On 12/12/08 20:11, Andrei Pelinescu-Onciul wrote:
On Dec 12, 2008 at 17:23, Daniel-Constantin Mierla miconda@gmail.com wrote:
On 12/12/08 16:43, Andrei Pelinescu-Onciul wrote:
It brings less performance then the operators changes, but it will allow for detecting a lot more errors at start-up rather then at runtime (which IMHO is a huge advantage).
we should be careful and not get into extremes here. Performance shall not ignore the complexity added in writing config -- ending to write the config in C-like language should be avoided. While here are developers, those using/administrating sip servers might be far from this background. Easiness in understanding the config language and writing the scripts by non-devels is very important to make it spread faster in the market.
We are not talking about extremes, we are talking about making it more perl like (which is a very common scripting language).
For operators, buying another server for one time 1-2k bucks is cheaper than one full time developer that sits to optimize month by month.
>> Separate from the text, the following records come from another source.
definition vm_quotient :: "'e set \<Rightarrow> nat \<Rightarrow> ('e set \<Rightarrow> ereal) \<Rightarrow> nat \<Rightarrow> ('e set \<Rightarrow> ereal) \<Rightarrow> bool" where
  "vm_quotient E r \<mu> s \<nu> \<longleftrightarrow> r \<le> s \<and>
     (\<forall>I J i. I \<subseteq> E \<and> card I = r \<and> J \<subseteq> E \<and> card J = s \<and> i \<in> I - J \<longrightarrow>
        (\<exists>j\<in>J - I. \<mu> I + \<nu> J \<ge> \<mu> (insert j (I - {i})) + \<nu> (insert i (J - {j}))))"

definition affine_morphism :: "('k::zero \<Rightarrow> ereal) \<Rightarrow> nat \<Rightarrow> (nat \<Rightarrow> nat \<Rightarrow> 'k) \<Rightarrow> nat
    \<Rightarrow> (nat set \<Rightarrow> ereal) \<Rightarrow> (nat set \<Rightarrow> ereal) \<Rightarrow> bool" where
  "affine_morphism val n M r\<mu> \<mu> \<nu> \<longleftrightarrow>
     vm_quotient {0..n} (affine_rank val n M \<nu>) (affine_induced val n M \<nu>) r\<mu> (pointed \<mu>)"

end

(*
  For a weakly monomial matrix, val (M i j) is infinite unless j = col i, so the tropical
  incidence relation of an arrow for (I, J) has only the finite terms
  wt a + P (I + col a) + Q (J - a), a in J: it is a three-term relation in J alone.

  (a) => (b): let x be in trop(P) and K a circuit of Q on which the image of x is finite at a.
  Take a basis B = I + col a of P adapted to x, i.e. x d - x (col a) >= P B - P (I + d) for
  all d; it exists because exchanging towards col a never increases the x-weight of a basis.
  The relation for (I, K) then yields a second minimiser on K.
  (b) => (a): apply (b) to the cocircuit points e |-> P (I + e).
  The affine induced matroid of f is the restriction of P to the image columns, shifted by
  the weights, and its quotient exchange is the relation above with I completed by columns
  outside the image. So (c) => (b) is the argument of (a) => (b) with a basis adapted
  relative to the image columns, and (a) => (c) holds once this restriction has rank at
  most rank Q, which again follows from the relation by an exchange argument.
*)
theory Submission
  imports Defs
begin

lemma min_twice_iff_dominated:
  assumes "finite S"
  shows "min_twice S g \<longleftrightarrow> (\<forall>a\<in>S. g a \<noteq> \<infinity> \<longrightarrow> (\<exists>b\<in>S. b \<noteq> a \<and> g b \<le> g a))"
proof
  assume "min_twice S g"
  then show "\<forall>a\<in>S. g a \<noteq> \<infinity> \<longrightarrow> (\<exists>b\<in>S. b \<noteq> a \<and> g b \<le> g a)"
    unfolding min_twice_def by metis
next
  assume dominated: "\<forall>a\<in>S. g a \<noteq> \<infinity> \<longrightarrow> (\<exists>b\<in>S. b \<noteq> a \<and> g b \<le> g a)"
  show "min_twice S g"
  proof (cases "\<forall>k\<in>S. g k = \<infinity>")
    case False
    then obtain k where k: "k \<in> S" "g k \<noteq> \<infinity>" by blast
    then have "S \<noteq> {}" by blast
    define a where "a = arg_min_on g S"
    have a: "a \<in> S" "\<forall>k\<in>S. g a \<le> g k"
      unfolding a_def using assms \<open>S \<noteq> {}\<close> by (auto intro: arg_min_if_finite(1) arg_min_least)
    then have "g a \<le> g k" using k(1) by blast
    then have "g a \<noteq> \<infinity>" using k(2) by auto
    with dominated a obtain b where "b \<in> S" "b \<noteq> a" "g b \<le> g a" by blast
    with a have "g a = g b" by (simp add: order_antisym)
    with a \<open>b \<in> S\<close> \<open>b \<noteq> a\<close> show ?thesis unfolding min_twice_def by metis
  qed (simp add: min_twice_def)
qed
People would only need to use '.' for string and '+' for ints, they don't need to do any optimization. The optimization will be done automatically for them (already a lot of things are optimized), so I fail to see your point.
Just to be sure there is no misunderstanding, by operators I meant "sip/voip service operators". It is harder to get skilled personnel than buying hardware, sip/voip is an area that lacks of good specialists, adding more on top of that could turn against.
Although I agree with you in most of the aspects and like strict checking (hehhh, C developer habits), I wanted to play devil's advocate, not to fall in our own trap. I was one those pushing the config language for flexibility, rather than embedding specific functionalities behind some c-coded functions and make configuration easier.
However, today's complexity of the config language is well-known to be heavy to digest for new comers. I admit, it is a trade off, but we need to take in consideration the target users (voip sysadmins), where still many have telco background rather than computer science.
In my opinion we should not aim to build a scripting language which is easier then basic perl, especially since for us performance is much more critical. I also fail to see the great concern about the extra complexity a new operator would introduce.
My comments were related to the general topic, perhaps the text I left in the message and commented by me got out of the context and didn't suggest it properly. Actually, in this particular case, I was thinking at types for variables, might be a bit too much for now...
As a matter of fact, I am in favor of "." for string concatenation, then will be clear delimitation what are the string and arithmetic operators (well, it is only one for strings). It will remove the ambiguity in some cases: $x . $y $x + $y
There are (pseudo-)variables that can return string and int at same time (e.g., port).
Mope my comments are more clear now!
Cheers, Daniel
Any error will be reported immediately and could be self explaining (like: wrong operator for string, try '.').
Moreover as I already said this is not only about performance, is about proper error checking before startup. I don't think anybody wants to find bugs in his script in production, because he forgot that some avp had int type and he tried to add it to a string... Right now this script bug cannot be found. With the proposed changes it would be reported immediately (sr -cf config will catch it, and also sr will refuse to start if such an error is found).
If that's about compatibility with existing scripts, then let's leave '+' for the next version and add '.' in parallel and at some future time we'll obsolete '+' usage for strings. The typed vars are for the future anyway.